» **PROBLEM DETAILS**
Exactly the lines from the beginning of the material to the line with "then show ?thesis unfolding" are to be repeated, both ends included.

____________________

lemma finite_matchings: "finite S \<Longrightarrow> finite (matchings S)"
  by (rule finite_subset[OF _ finite_permutations]) (auto dest: matchings_permutes)

lemma matchings_empty: "matchings {} = {id}"
  unfolding matchings_def by (auto simp: fun_eq_iff)

lemma matching_sum_empty [simp]: "matching_sum f {} = 1"
  unfolding matching_sum_def matchings_empty matching_weight_def by simp

lemma matchings_insert_fixing:
  "a \<notin> S \<Longrightarrow> {\<pi> \<in> matchings (insert a S). \<pi> a = a} = matchings S"
  unfolding matchings_def by auto

lemma matching_weight_insert_fixing:
  assumes fin: "finite S" and aS: "a \<notin> S" and \<pi>: "\<pi> \<in> matchings S"
  shows "matching_weight f (insert a S) \<pi> = f a a * matching_weight f S \<pi>"
proof -
  have "\<pi> a = a" using matchings_fixes_outside[OF \<pi> aS] .
  then have "{i\<in>insert a S. \<pi> i = i} = insert a {i\<in>S. \<pi> i = i}"
    and "{i\<in>insert a S. i < \<pi> i} = {i\<in>S. i < \<pi> i}" by auto
  then show ?thesis unfolding matching_weight_def using fin aS by (simp add: ac_simps)
qed

lemma matchings_insert_pair:
  assumes \<pi>: "\<pi> \<in> matchings (S - {i})" and aS: "a \<notin> S" and i: "i \<in> S"
  shows "\<pi>(i := a, a := i) \<in> matchings (insert a S)"
proof (rule matchingsI)
  have moved: "\<pi> x \<notin> {a, i}" if "x \<notin> {a, i}" for x
    using matchings_closed[OF \<pi>, of x] matchings_fixes_outside[OF \<pi>, of x] that aS
    by (cases "x \<in> S - {i}") auto
  fix x
  show "x \<in> insert a S \<Longrightarrow> (\<pi>(i := a, a := i)) x \<in> insert a S"
    using matchings_closed[OF \<pi>, of x] i by auto
  show "(\<pi>(i := a, a := i)) ((\<pi>(i := a, a := i)) x) = x"
    using moved[of x] matchings_involutive[OF \<pi>, of x] aS i by auto
  show "x \<notin> insert a S \<Longrightarrow> (\<pi>(i := a, a := i)) x = x"
    using matchings_fixes_outside[OF \<pi>, of x] i by auto
qed

lemma matchings_remove_pair:
  assumes \<pi>: "\<pi> \<in> matchings (insert a S)" and \<pi>a: "\<pi> a = i" and aS: "a \<notin> S" and i: "i \<in> S"
  shows "\<pi>(i := i, a := a) \<in> matchings (S - {i})"
proof (rule matchingsI)
  have \<pi>i: "\<pi> i = a" using matchings_involutive[OF \<pi>, of a] \<pi>a by simp
  have moved: "\<pi> x \<notin> {a, i}" if "x \<notin> {a, i}" for x
    using matchings_involutive[OF \<pi>, of x] that \<pi>a \<pi>i by auto
  fix x
  show "x \<in> S - {i} \<Longrightarrow> (\<pi>(i := i, a := a)) x \<in> S - {i}"
    using moved[of x] matchings_closed[OF \<pi>, of x] aS by auto
  show "(\<pi>(i := i, a := a)) ((\<pi>(i := i, a := a)) x) = x"
    using moved[of x] matchings_involutive[OF \<pi>, of x] by auto
  show "x \<notin> S - {i} \<Longrightarrow> (\<pi>(i := i, a := a)) x = x"
    using matchings_fixes_outside[OF \<pi>, of x] by auto
qed
theorem lemma5p2:
  fixes g :: "real measure" and \<beta> \<sigma> \<kappa> :: real
  assumes "prob_space g"
    and "sets g = sets borel"
    and "distr g borel uminus = g"
    and "integrable g (\<lambda>x. x\<^sup>2)"
    and "\<beta> > 0" and "\<sigma> > 0"
    and "\<kappa> > 0" and "ereal \<kappa> < kappaP g \<beta> \<sigma>"
  shows "\<exists>lam::real. 0 < lam \<and> lam < \<sigma>\<^sup>2 / 2 \<and>
           (\<forall>z::complex. -lam \<le> Re z \<and> Re z \<le> \<beta> + lam \<longrightarrow>
              1 - complex_of_real (\<kappa> / 2) * penroseP g \<beta> \<sigma> z \<noteq> 0)"
proof -
  interpret real_distribution g
    using assms(1,2) by (simp add: real_distribution_def real_distribution_axioms_def)
  define s where "s = \<sigma>\<^sup>2 / 2"
  have "0 < s"
    using assms(6) by (simp add: s_def)
  have "penroseP g \<beta> \<sigma> holomorphic_on {z. 0 - s / 2 \<le> Re z \<and> Re z \<le> \<beta> + s / 2}"
    by (rule holomorphic_on_subset[OF penroseP_holomorphic[OF assms(3)]])
      (use \<open>0 < s\<close> in \<open>auto simp: s_def [symmetric]\<close>)
  moreover have "integrable g abs"
    using square_integrable_imp_integrable[of "\<lambda>x. x"] assms(4) by simp
  then obtain R where "\<And>z. 0 - s / 2 \<le> Re z \<Longrightarrow> Re z \<le> \<beta> + s / 2 \<Longrightarrow> R \<le> \<bar>Im z\<bar>
                         \<Longrightarrow> norm (penroseP g \<beta> \<sigma> z) < 2 / \<kappa>"
    using penroseP_vanishes[OF assms(3), of \<beta> "s / 2" \<sigma> "2 / \<kappa>"] assms(5,7) \<open>0 < s\<close>
    by (auto simp: s_def)
  ultimately obtain lam where lam: "0 < lam" "lam < s / 2"
    and avoid: "\<And>z. 0 - lam \<le> Re z \<Longrightarrow> Re z \<le> \<beta> + lam \<Longrightarrow> penroseP g \<beta> \<sigma> z \<noteq> complex_of_real (2 / \<kappa>)"
    using holomorphic_strip_avoids_value_nearby[of "penroseP g \<beta> \<sigma>" 0 "s / 2" \<beta> R "2 / \<kappa>"]
      penroseP_edges_notin_ray[OF assms(3,7,8)] \<open>0 < s\<close> assms(5)
    by auto
  have "1 - complex_of_real (\<kappa> / 2) * w \<noteq> 0" if "w \<noteq> complex_of_real (2 / \<kappa>)" for w
    using that assms(7) by (auto simp: field_simps)
  then show ?thesis
    using lam avoid by (intro exI[of _ lam]) (auto simp: s_def)
qed

end
lemma card_neighbours_K_prod_A1_A2_le:
  assumes "S \<subseteq> verts K_prod" "S \<inter> B1 \<times> B2 = {}" "p \<in> A1 \<times> A2"
  shows "card (neighbours K_prod S p) \<le> min (card (S \<inter> A1 \<times> B2)) t2 + min (card (S \<inter> B1 \<times> A2)) t1"
proof -
  obtain a v where p: "p = (Inl a, Inl v)" "a < s1" "v < s2"
    using assms(3) by auto
  then have "p \<in> verts K_prod"
    by (simp add: verts_K_prod)
  have "neighbours K_prod S p = S \<inter> (insert (Inl a) B1 \<times> insert (Inl v) B2 - {p})"
    unfolding neighbours_K_prod[OF assms(1) \<open>p \<in> verts K_prod\<close>] using p by (simp add: closed_nbhd_K_bip_Inl Int_Diff)
  also have "\<dots> \<subseteq> S \<inter> ({Inl a} \<times> B2 \<union> B1 \<times> {Inl v} \<union> B1 \<times> B2)"
    unfolding p(1) by (intro Int_mono order_refl Times_insert_minus_subset)
  also have "\<dots> = S \<inter> {Inl a} \<times> B2 \<union> S \<inter> B1 \<times> {Inl v}"
    using assms(2) by (simp add: Int_Un_distrib)
  finally have "neighbours K_prod S p \<subseteq> S \<inter> {Inl a} \<times> B2 \<union> S \<inter> B1 \<times> {Inl v}" .
  moreover have fin: "finite S"
    using assms(1) finite_verts_K_prod by (rule finite_subset)
  ultimately have "card (neighbours K_prod S p) \<le> card (S \<inter> {Inl a} \<times> B2 \<union> S \<inter> B1 \<times> {Inl v})"
    by (intro card_mono) auto
  also have "\<dots> \<le> card (S \<inter> {Inl a} \<times> B2) + card (S \<inter> B1 \<times> {Inl v})"
    by (rule card_Un_le)
  also have "card (S \<inter> {Inl a} \<times> B2) \<le> min (card (S \<inter> A1 \<times> B2)) t2"
    using card_Int_Times_le[OF fin, of "{Inl a}" B2 A1 B2] p by (simp add: card_image)
  also have "card (S \<inter> B1 \<times> {Inl v}) \<le> min (card (S \<inter> B1 \<times> A2)) t1"
    using card_Int_Times_le[OF fin, of B1 "{Inl v}" B1 A2] p by (simp add: card_image)
  finally show ?thesis
    by simp
qed
context
  fixes F :: "('i \<Rightarrow> real) \<Rightarrow> 'i \<Rightarrow> real" and b :: "real \<Rightarrow> 'i \<Rightarrow> real"
    and I :: "'i set" and lo hi :: "'i \<Rightarrow> real" and dd T :: real
  assumes fin: "finite I" and dd: "0 < dd"
    and inward: "\<And>x i \<delta>. 0 < \<delta> \<Longrightarrow> \<delta> < dd \<Longrightarrow> i \<in> I \<Longrightarrow>
           \<forall>j\<in>I. lo j - \<delta> \<le> x j \<and> x j \<le> hi j + \<delta> \<Longrightarrow>
           (x i = hi i + \<delta> \<longrightarrow> F x i \<le> 0) \<and> (x i = lo i - \<delta> \<longrightarrow> 0 \<le> F x i)"
    and der: "\<And>t i. t \<in> {0..<T} \<Longrightarrow> i \<in> I \<Longrightarrow>
           ((\<lambda>s. b s i) has_real_derivative F (b t) i) (at t within {0..<T})"
    and init: "\<And>i. i \<in> I \<Longrightarrow> lo i \<le> b 0 i \<and> b 0 i \<le> hi i"
begin

text \<open>At a first exit time from the box widened at rate \<open>\<epsilon>\<close>, the inward-pointing field and
  the widening make the distance to the exited face strictly decrease.\<close>
lemma widened_box_forward_invariant:
  assumes t0: "t0 \<in> {0..<T}" and \<epsilon>: "0 < \<epsilon>" "\<epsilon> * (1 + t0) < dd" and i0: "i0 \<in> I"
  shows "lo i0 - \<epsilon> * (1 + t0) < b t0 i0 \<and> b t0 i0 < hi i0 + \<epsilon> * (1 + t0)"
proof -
  define g :: "'i \<times> bool \<Rightarrow> real \<Rightarrow> real" where
    "g = (\<lambda>(i, up). if up then (\<lambda>t. b t i - (hi i + \<epsilon> * (1 + t)))
                              else (\<lambda>t. lo i - \<epsilon> * (1 + t) - b t i))"
  have cont: "continuous_on {0..t0} (\<lambda>s. b s i)" if "i \<in> I" for i
    by (rule continuous_on_subset[OF DERIV_continuous_on[OF der]]) (use that t0 in auto)
  have "\<forall>t\<in>{0..t0}. \<forall>j\<in>I \<times> UNIV. g j t < 0"
  proof (rule negative_until_first_zero)
    show "continuous_on {0..t0} (g j)" if "j \<in> I \<times> UNIV" for j
      using that unfolding g_def by (auto intro!: continuous_intros cont)
    show "g j 0 < 0" if "j \<in> I \<times> UNIV" for j
      using that init \<epsilon> unfolding g_def by fastforce
    fix s and j :: "'i \<times> bool"
    assume s: "s \<in> {0<..t0}" and j: "j \<in> I \<times> UNIV"
      and before: "\<forall>t\<in>{0..<s}. \<forall>j\<in>I \<times> UNIV. g j t < 0"
      and at_s: "\<forall>j\<in>I \<times> UNIV. g j s \<le> 0"
    obtain i up where j_eq: "j = (i, up)" and i: "i \<in> I" using j by auto
    define \<delta> where "\<delta> = \<epsilon> * (1 + s)"
    have \<delta>: "0 < \<delta>" "\<delta> < dd"
      using \<epsilon> s by (auto simp: \<delta>_def intro: le_less_trans[OF mult_left_mono[of "1 + s" "1 + t0"]])
    have box: "\<forall>l\<in>I. lo l - \<delta> \<le> b s l \<and> b s l \<le> hi l + \<delta>"
    proof
      fix l assume "l \<in> I"
      hence "g (l, True) s \<le> 0" "g (l, False) s \<le> 0" using at_s by auto
      thus "lo l - \<delta> \<le> b s l \<and> b s l \<le> hi l + \<delta>" unfolding g_def \<delta>_def by auto
    qed
    have sT: "s \<in> {0..<T}" using s t0 by auto
    have D: "(g j has_real_derivative (if up then F (b s) i - \<epsilon> else - F (b s) i - \<epsilon>))
               (at s within {0..<T})"
      unfolding g_def j_eq by (cases up) (auto intro!: derivative_eq_intros der[OF sT i])
    show "g j s \<noteq> 0"
    proof
      assume zero: "g j s = 0"
      have "(if up then F (b s) i - \<epsilon> else - F (b s) i - \<epsilon>) < 0"
        using inward[OF \<delta> i box] zero \<epsilon> unfolding g_def j_eq \<delta>_def by (cases up) auto
      then obtain t where "t \<in> {0..<s}" "0 < g j t"
        using positive_before_zero_of_negative_derivative[OF D] s sT zero by auto
      thus False using before j by (meson less_asym)
    qed
  qed (use fin in auto)
  hence "g (i0, True) t0 < 0" "g (i0, False) t0 < 0" using t0 i0 by auto
  thus ?thesis unfolding g_def by auto
qed

lemma box_forward_invariant:
  assumes t0: "t0 \<in> {0..<T}" and i0: "i0 \<in> I"
  shows "lo i0 \<le> b t0 i0 \<and> b t0 i0 \<le> hi i0"
proof -
  have t0_nonneg: "0 \<le> t0" using t0 by auto
  have "lo i0 \<le> b t0 i0 + e \<and> b t0 i0 \<le> hi i0 + e" if e: "0 < e" for e
  proof -
    define \<epsilon> where "\<epsilon> = min dd e / (2 * (1 + t0))"
    have "0 < \<epsilon>" and \<epsilon>t0: "\<epsilon> * (1 + t0) = min dd e / 2"
      using e dd t0_nonneg by (auto simp: \<epsilon>_def field_simps)
    moreover have "\<epsilon> * (1 + t0) < dd" "\<epsilon> * (1 + t0) < e" using \<epsilon>t0 dd e by auto
    ultimately show ?thesis using widened_box_forward_invariant[OF t0 _ _ i0, of \<epsilon>] by fastforce
  qed
  thus ?thesis by (meson field_le_epsilon)
qed

end

section \<open>Global solutions for bounded Lipschitz fields\<close>

lemma has_integral_power_over_fact:
  fixes c t :: real
  assumes "0 \<le> t"
  shows "((\<lambda>s. c * s ^ n / fact n) has_integral c * t ^ Suc n / fact (Suc n)) {0..t}"
proof -
  have "((\<lambda>s. c * s ^ Suc n / fact (Suc n)) has_real_derivative c * s ^ n / fact n) (at s within X)"
    for s X
    by (rule derivative_eq_intros refl | simp add: fact_Suc field_simps del: of_nat_Suc)+
  thus ?thesis
    using fundamental_theorem_of_calculus[OF assms, of "\<lambda>s. c * s ^ Suc n / fact (Suc n)"]
    by (simp add: has_real_derivative_iff_has_vector_derivative)
qed

locale bounded_lipschitz_field =
  fixes F :: "('i \<Rightarrow> real) \<Rightarrow> 'i \<Rightarrow> real" and I :: "'i set" and M L :: real
  assumes finite_I: "finite I" and M_nonneg: "0 \<le> M" and L_nonneg: "0 \<le> L"
    and bounded: "\<And>x i. i \<in> I \<Longrightarrow> \<bar>F x i\<bar> \<le> M"
    and lipschitz: "\<And>x y i. i \<in> I \<Longrightarrow> \<bar>F x i - F y i\<bar> \<le> L * (\<Sum>j\<in>I. \<bar>x j - y j\<bar>)"
begin

lemma lipschitz_on_field_comp:
  fixes C :: real
  assumes C: "0 \<le> C" and Q: "\<And>j. j \<in> I \<Longrightarrow> C-lipschitz_on X (\<lambda>s. Q s j)" and i: "i \<in> I"
  shows "(L * (real (card I) * C))-lipschitz_on X (\<lambda>s. F (Q s) i)"
proof (rule lipschitz_onI)
  fix s t assume st: "s \<in> X" "t \<in> X"
  have "(\<Sum>j\<in>I. \<bar>Q s j - Q t j\<bar>) \<le> (\<Sum>j\<in>I. C * dist s t)"
    using Q st by (intro sum_mono) (auto simp: lipschitz_on_def dist_real_def)
  hence "L * (\<Sum>j\<in>I. \<bar>Q s j - Q t j\<bar>) \<le> L * (card I * C) * dist s t"
    using L_nonneg by (simp add: mult_left_mono mult.assoc)
  thus "dist (F (Q s) i) (F (Q t) i) \<le> L * (card I * C) * dist s t"
    using lipschitz[OF i, of "Q s" "Q t"] by (simp add: dist_real_def)
qed (use C L_nonneg in simp)

lemma continuous_on_field_comp:
  fixes a b :: real and Q :: "real \<Rightarrow> 'i \<Rightarrow> real"
  assumes "0 \<le> C" "\<And>j. j \<in> I \<Longrightarrow> C-lipschitz_on {0..} (\<lambda>s. Q s j)" "i \<in> I" "0 \<le> a"
  shows "continuous_on {a..b} (\<lambda>s. F (Q s) i)"
  using lipschitz_on_continuous_on[OF lipschitz_on_field_comp[OF assms(1-3)]]
  by (rule continuous_on_subset) (use assms(4) in auto)

definition picard :: "('i \<Rightarrow> real) \<Rightarrow> nat \<Rightarrow> real \<Rightarrow> 'i \<Rightarrow> real" where
  "picard x0 n = rec_nat (\<lambda>t. x0)
     (\<lambda>_ P t j. if j \<in> I then x0 j + integral {0..t} (\<lambda>s. F (P s) j) else x0 j) n"

lemma picard_0 [simp]: "picard x0 0 t = x0"
  by (simp add: picard_def)

lemma picard_Suc:
  "picard x0 (Suc n) t j = (if j \<in> I then x0 j + integral {0..t} (\<lambda>s. F (picard x0 n s) j) else x0 j)"
  by (simp add: picard_def)

lemma picard_lipschitz: "j \<in> I \<Longrightarrow> M-lipschitz_on {0..} (\<lambda>s. picard x0 n s j)"
proof (induction n arbitrary: j)
  case 0 show ?case using M_nonneg by (auto intro!: lipschitz_onI)
next
  case (Suc n)
  have cont: "continuous_on {a..b} (\<lambda>s. F (picard x0 n s) j)" if "0 \<le> a" for a b
    by (rule continuous_on_field_comp[OF M_nonneg Suc.IH Suc.prems that])
  have step: "\<bar>picard x0 (Suc n) t j - picard x0 (Suc n) s j\<bar> \<le> M * (t - s)"
    if "0 \<le> s" "s \<le> t" for s t
  proof -
    have "integral {0..s} (\<lambda>u. F (picard x0 n u) j) + integral {s..t} (\<lambda>u. F (picard x0 n u) j)
          = integral {0..t} (\<lambda>u. F (picard x0 n u) j)"
      using Henstock_Kurzweil_Integration.integral_combine[of 0 s t] that
        integrable_continuous_interval[OF cont[of 0 t]] by simp
    moreover have "norm (integral {s..t} (\<lambda>u. F (picard x0 n u) j)) \<le> M * (t - s)"
      by (rule integral_bound) (use that Suc.prems in \<open>auto intro!: cont bounded\<close>)
    ultimately show ?thesis using Suc.prems by (auto simp: picard_Suc)
  qed
  show ?case
  proof (rule lipschitz_onI[OF _ M_nonneg])
    fix s t :: real assume "s \<in> {0..}" "t \<in> {0..}"
    thus "dist (picard x0 (Suc n) s j) (picard x0 (Suc n) t j) \<le> M * dist s t"
      using step[of s t] step[of t s] by (cases "s \<le> t") (auto simp: dist_real_def abs_minus_commute)
  qed
qed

____________________

» **TASK RESULT**
lemma finite_matchings: "finite S \<Longrightarrow> finite (matchings S)"
  by (rule finite_subset[OF _ finite_permutations]) (auto dest: matchings_permutes)

lemma matchings_empty: "matchings {} = {id}"
  unfolding matchings_def by (auto simp: fun_eq_iff)

lemma matching_sum_empty [simp]: "matching_sum f {} = 1"
  unfolding matching_sum_def matchings_empty matching_weight_def by simp

lemma matchings_insert_fixing:
  "a \<notin> S \<Longrightarrow> {\<pi> \<in> matchings (insert a S). \<pi> a = a} = matchings S"
  unfolding matchings_def by auto

lemma matching_weight_insert_fixing:
  assumes fin: "finite S" and aS: "a \<notin> S" and \<pi>: "\<pi> \<in> matchings S"
  shows "matching_weight f (insert a S) \<pi> = f a a * matching_weight f S \<pi>"
proof -
  have "\<pi> a = a" using matchings_fixes_outside[OF \<pi> aS] .
  then have "{i\<in>insert a S. \<pi> i = i} = insert a {i\<in>S. \<pi> i = i}"
    and "{i\<in>insert a S. i < \<pi> i} = {i\<in>S. i < \<pi> i}" by auto
  then show ?thesis unfolding matching_weight_def using fin aS by (simp add: ac_simps)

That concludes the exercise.